**Task requirements:** Starting at the line containing "B) = mp_pderiv" and ending at the line containing "B. mp_pderiv i A", print every line of the material below exactly, both ends included, and stop there.

*** Source information

lemma mp_pderiv_mult_single:
  fixes a b :: "'a::comm_ring_1"
  shows "mp_pderiv i (Poly_Mapping.single \<alpha> a * Poly_Mapping.single \<beta> b)
    = mp_pderiv i (Poly_Mapping.single \<alpha> a) * Poly_Mapping.single \<beta> b
      + Poly_Mapping.single \<alpha> a * mp_pderiv i (Poly_Mapping.single \<beta> b)"
proof -
  let ?e = "Poly_Mapping.single i (1::nat)"
  have shift_left: "(\<alpha> - ?e) + \<beta> = (\<alpha> + \<beta>) - ?e" if "Poly_Mapping.lookup \<alpha> i \<noteq> 0"
    by (rule poly_mapping_eqI) (use that in \<open>auto simp: lookup_add lookup_minus lookup_single when_def\<close>)
  have shift_right: "\<alpha> + (\<beta> - ?e) = (\<alpha> + \<beta>) - ?e" if "Poly_Mapping.lookup \<beta> i \<noteq> 0"
    by (rule poly_mapping_eqI) (use that in \<open>auto simp: lookup_add lookup_minus lookup_single when_def\<close>)
  have left: "mp_pderiv i (Poly_Mapping.single \<alpha> a) * Poly_Mapping.single \<beta> b
     = Poly_Mapping.single (\<alpha> + \<beta> - ?e) (of_nat (Poly_Mapping.lookup \<alpha> i) * (a * b))"
  proof (cases "Poly_Mapping.lookup \<alpha> i = 0")
    case False
    show ?thesis by (simp only: mp_pderiv_single mult_single shift_left[OF False] mult.assoc)
  qed (simp add: mp_pderiv_single)
  have right: "Poly_Mapping.single \<alpha> a * mp_pderiv i (Poly_Mapping.single \<beta> b)
     = Poly_Mapping.single (\<alpha> + \<beta> - ?e) (of_nat (Poly_Mapping.lookup \<beta> i) * (a * b))"
  proof (cases "Poly_Mapping.lookup \<beta> i = 0")
    case False
    show ?thesis
      by (simp only: mp_pderiv_single mult_single shift_right[OF False]) (simp only: mult.left_commute)
  qed (simp add: mp_pderiv_single)
  have "mp_pderiv i (Poly_Mapping.single \<alpha> a * Poly_Mapping.single \<beta> b)
     = Poly_Mapping.single (\<alpha> + \<beta> - ?e) (of_nat (Poly_Mapping.lookup \<alpha> i) * (a * b))
       + Poly_Mapping.single (\<alpha> + \<beta> - ?e) (of_nat (Poly_Mapping.lookup \<beta> i) * (a * b))"
    by (simp add: mult_single mp_pderiv_single lookup_add distrib_right single_add)
  then show ?thesis by (simp only: left right)
qed

lemma mp_pderiv_mult: "mp_pderiv i (A * B) = mp_pderiv i A * B + A * mp_pderiv i (B::'a::comm_ring_1 mpoly)"
  by (rule poly_mapping_biadditive_eqI[where \<Phi>="\<lambda>A B. mp_pderiv i (A * B)"
        and \<Psi>="\<lambda>A B. mp_pderiv i A * B + A * mp_pderiv i B"])
     (simp_all add: mp_pderiv_add distrib_left distrib_right mp_pderiv_mult_single)

lemma mp_pderiv_power:
  "mp_pderiv i (A ^ Suc n) = of_nat (Suc n) * A ^ n * mp_pderiv i (A::'a::comm_ring_1 mpoly)"
  by (induction n) (simp_all add: mp_pderiv_mult algebra_simps)

lemma mp_pderiv_const_mult: "mp_pderiv i (mp_const c * A) = mp_const c * mp_pderiv i A"
  by (simp add: mp_pderiv_mult)

lemma mp_map_pderiv:
  fixes g :: "'a::comm_ring_1 \<Rightarrow> 'b::comm_ring_1"
  assumes "g 0 = 0" "\<And>a b. g (a + b) = g a + g b" "\<And>a b. g (a * b) = g a * g b" "g 1 = 1"
  shows "mp_map g (mp_pderiv i A) = mp_pderiv i (mp_map g A)"
proof -
  have of_nat: "g (of_nat n) = of_nat n" for n by (induction n) (simp_all add: assms)
  show ?thesis
    by (rule poly_mapping_additive_eqI[where \<Phi>="\<lambda>A. mp_map g (mp_pderiv i A)" and \<Psi>="\<lambda>A. mp_pderiv i (mp_map g A)"])
       (simp_all add: mp_pderiv_add mp_map_add assms mp_pderiv_single mp_map_single of_nat)
qed

lemma mp_pderiv_mp_subst:
  fixes F :: "'a::comm_ring_1 mpoly"
  assumes "finite V" "\<forall>\<alpha>\<in>Poly_Mapping.keys F. Poly_Mapping.keys \<alpha> \<subseteq> V"
  shows "mp_pderiv j (mp_subst F l) = (\<Sum>i\<in>V. mp_subst (mp_pderiv i F) l * mp_pderiv j (l i))"
proof (rule mpoly_induct[where V=V and F=F])
  show "mp_pderiv j (mp_subst (mp_var k) l) = (\<Sum>i\<in>V. mp_subst (mp_pderiv i (mp_var k)) l * mp_pderiv j (l i))"
    if "k \<in> V" for k
  proof -
    have "(\<Sum>i\<in>V. mp_subst (mp_pderiv i (mp_var k)) l * mp_pderiv j (l i))
        = (\<Sum>i\<in>V. if i = k then mp_pderiv j (l k) else 0)"
      by (rule sum.cong) (auto simp: mp_pderiv_var)
    then show ?thesis using that assms(1) by simp
  qed
  show "mp_pderiv j (mp_subst (A * B) l) = (\<Sum>i\<in>V. mp_subst (mp_pderiv i (A * B)) l * mp_pderiv j (l i))"
    if "mp_pderiv j (mp_subst A l) = (\<Sum>i\<in>V. mp_subst (mp_pderiv i A) l * mp_pderiv j (l i))"
       "mp_pderiv j (mp_subst B l) = (\<Sum>i\<in>V. mp_subst (mp_pderiv i B) l * mp_pderiv j (l i))" for A B
  proof -
    have "(\<Sum>i\<in>V. mp_subst (mp_pderiv i (A * B)) l * mp_pderiv j (l i))
      = (\<Sum>i\<in>V. (mp_subst (mp_pderiv i A) l * mp_pderiv j (l i)) * mp_subst B l
                  + mp_subst A l * (mp_subst (mp_pderiv i B) l * mp_pderiv j (l i)))"
      by (rule sum.cong) (simp_all add: mp_pderiv_mult mp_subst_add mp_subst_mult algebra_simps)
    also have "\<dots> = (\<Sum>i\<in>V. mp_subst (mp_pderiv i A) l * mp_pderiv j (l i)) * mp_subst B l
                  + mp_subst A l * (\<Sum>i\<in>V. mp_subst (mp_pderiv i B) l * mp_pderiv j (l i))"
      by (simp add: sum.distrib sum_distrib_left sum_distrib_right)
    also have "\<dots> = mp_pderiv j (mp_subst (A * B) l)"
      using that by (simp add: mp_subst_mult mp_pderiv_mult)
    finally show ?thesis by simp
  qed
qed (use assms in \<open>simp_all add: mp_subst_add mp_pderiv_add distrib_right sum.distrib\<close>)

definition tdeg :: "(nat \<Rightarrow>\<^sub>0 nat) \<Rightarrow> nat" where
  "tdeg \<alpha> = (\<Sum>i\<in>Poly_Mapping.keys \<alpha>. Poly_Mapping.lookup \<alpha> i)"

lemma tdeg_superset:
  "finite S \<Longrightarrow> Poly_Mapping.keys \<alpha> \<subseteq> S \<Longrightarrow> (\<Sum>i\<in>S. Poly_Mapping.lookup \<alpha> i) = tdeg \<alpha>"
  unfolding tdeg_def by (rule sum.mono_neutral_right) (auto simp: in_keys_iff)

lemma single_sum: "Poly_Mapping.single \<alpha> (sum (f :: _ \<Rightarrow> 'a::comm_ring_1) S) = (\<Sum>s\<in>S. Poly_Mapping.single \<alpha> (f s))"
  by (rule additive_sum) (rule single_add)
lemma symmetric_2x2_unit_eigenvectors:
  fixes a b d :: real
  obtains u w l1 l2 where "u\<^sup>2 + w\<^sup>2 = 1"
    and "a * u + b * w = l1 * u" and "b * u + d * w = l1 * w"
    and "a * (-w) + b * u = l2 * (-w)" and "b * (-w) + d * u = l2 * u"
proof (cases "b = 0")
  case True
  then show ?thesis
    using that[of 1 0 a d] by simp
next
  case False
  define \<delta> where "\<delta> = sqrt (((a - d) / 2)\<^sup>2 + b\<^sup>2)"
  define l1 where "l1 = (a + d) / 2 + \<delta>"
  define n where "n = sqrt (b\<^sup>2 + (l1 - a)\<^sup>2)"
  have "n > 0"
    unfolding n_def using False by (simp add: add_pos_nonneg)
  have n2: "n\<^sup>2 = b\<^sup>2 + (l1 - a)\<^sup>2"
    unfolding n_def by simp
  have char: "(l1 - a) * (l1 - d) = b\<^sup>2"
  proof -
    have "\<delta>\<^sup>2 = ((a - d) / 2)\<^sup>2 + b\<^sup>2"
      unfolding \<delta>_def by simp
    then show ?thesis
      unfolding l1_def by (simp add: algebra_simps power2_eq_square) (simp add: field_simps)
  qed
  show ?thesis
  proof (rule that[of "b / n" "(l1 - a) / n" l1 "a + d - l1"])
    show "(b / n)\<^sup>2 + ((l1 - a) / n)\<^sup>2 = 1"
      using \<open>n > 0\<close> n2 False by (simp add: power_divide flip: add_divide_distrib)
  qed (use \<open>n > 0\<close> char in \<open>simp_all add: field_simps power2_eq_square\<close>)
qed

lemma symmetric_2x2_eigenbasis:
  fixes A :: "real^2^2"
  assumes "transpose A = A"
  obtains e1 e2 l1 l2 where "orthonormal_basis_2 e1 e2"
    and "A *v e1 = l1 *\<^sub>R e1" and "A *v e2 = l2 *\<^sub>R e2"
proof -
  have "A$2$1 = A$1$2"
    using arg_cong[OF assms, of "\<lambda>M. M$2$1"] by (simp add: transpose_def)
  moreover obtain u w l1 l2 where unit: "u\<^sup>2 + w\<^sup>2 = 1"
    and "A$1$1 * u + A$1$2 * w = l1 * u" and "A$1$2 * u + A$2$2 * w = l1 * w"
    and "A$1$1 * (-w) + A$1$2 * u = l2 * (-w)" and "A$1$2 * (-w) + A$2$2 * u = l2 * u"
    by (rule symmetric_2x2_unit_eigenvectors)
  ultimately have "A *v vector [u, w] = l1 *\<^sub>R vector [u, w]"
    and "A *v vector [-w, u] = l2 *\<^sub>R vector [-w, u]"
    by (auto simp: vec_eq_iff forall_2 matrix_vector_mult_def sum_2 algebra_simps)
  moreover have "orthonormal_basis_2 (vector [u, w]) (vector [-w, u])"
  proof
    fix x :: "real^2"
    have "x$1 = x$1 * (u\<^sup>2 + w\<^sup>2)" "x$2 = x$2 * (u\<^sup>2 + w\<^sup>2)"
      using unit by simp_all
    then show "x = (x \<bullet> vector [u, w]) *\<^sub>R vector [u, w] + (x \<bullet> vector [-w, u]) *\<^sub>R vector [-w, u]"
      by (simp add: vec_eq_iff forall_2 inner_vec_def sum_2 power2_eq_square algebra_simps)
  qed (use unit in \<open>simp_all add: inner_vec_def sum_2 power2_eq_square algebra_simps\<close>)
  ultimately show ?thesis
    using that by blast
qed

******

**Output of the task:**
lemma mp_pderiv_mult: "mp_pderiv i (A * B) = mp_pderiv i A * B + A * mp_pderiv i (B::'a::comm_ring_1 mpoly)"
  by (rule poly_mapping_biadditive_eqI[where \<Phi>="\<lambda>A B. mp_pderiv i (A * B)"
        and \<Psi>="\<lambda>A B. mp_pderiv i A * B + A * mp_pderiv i B"])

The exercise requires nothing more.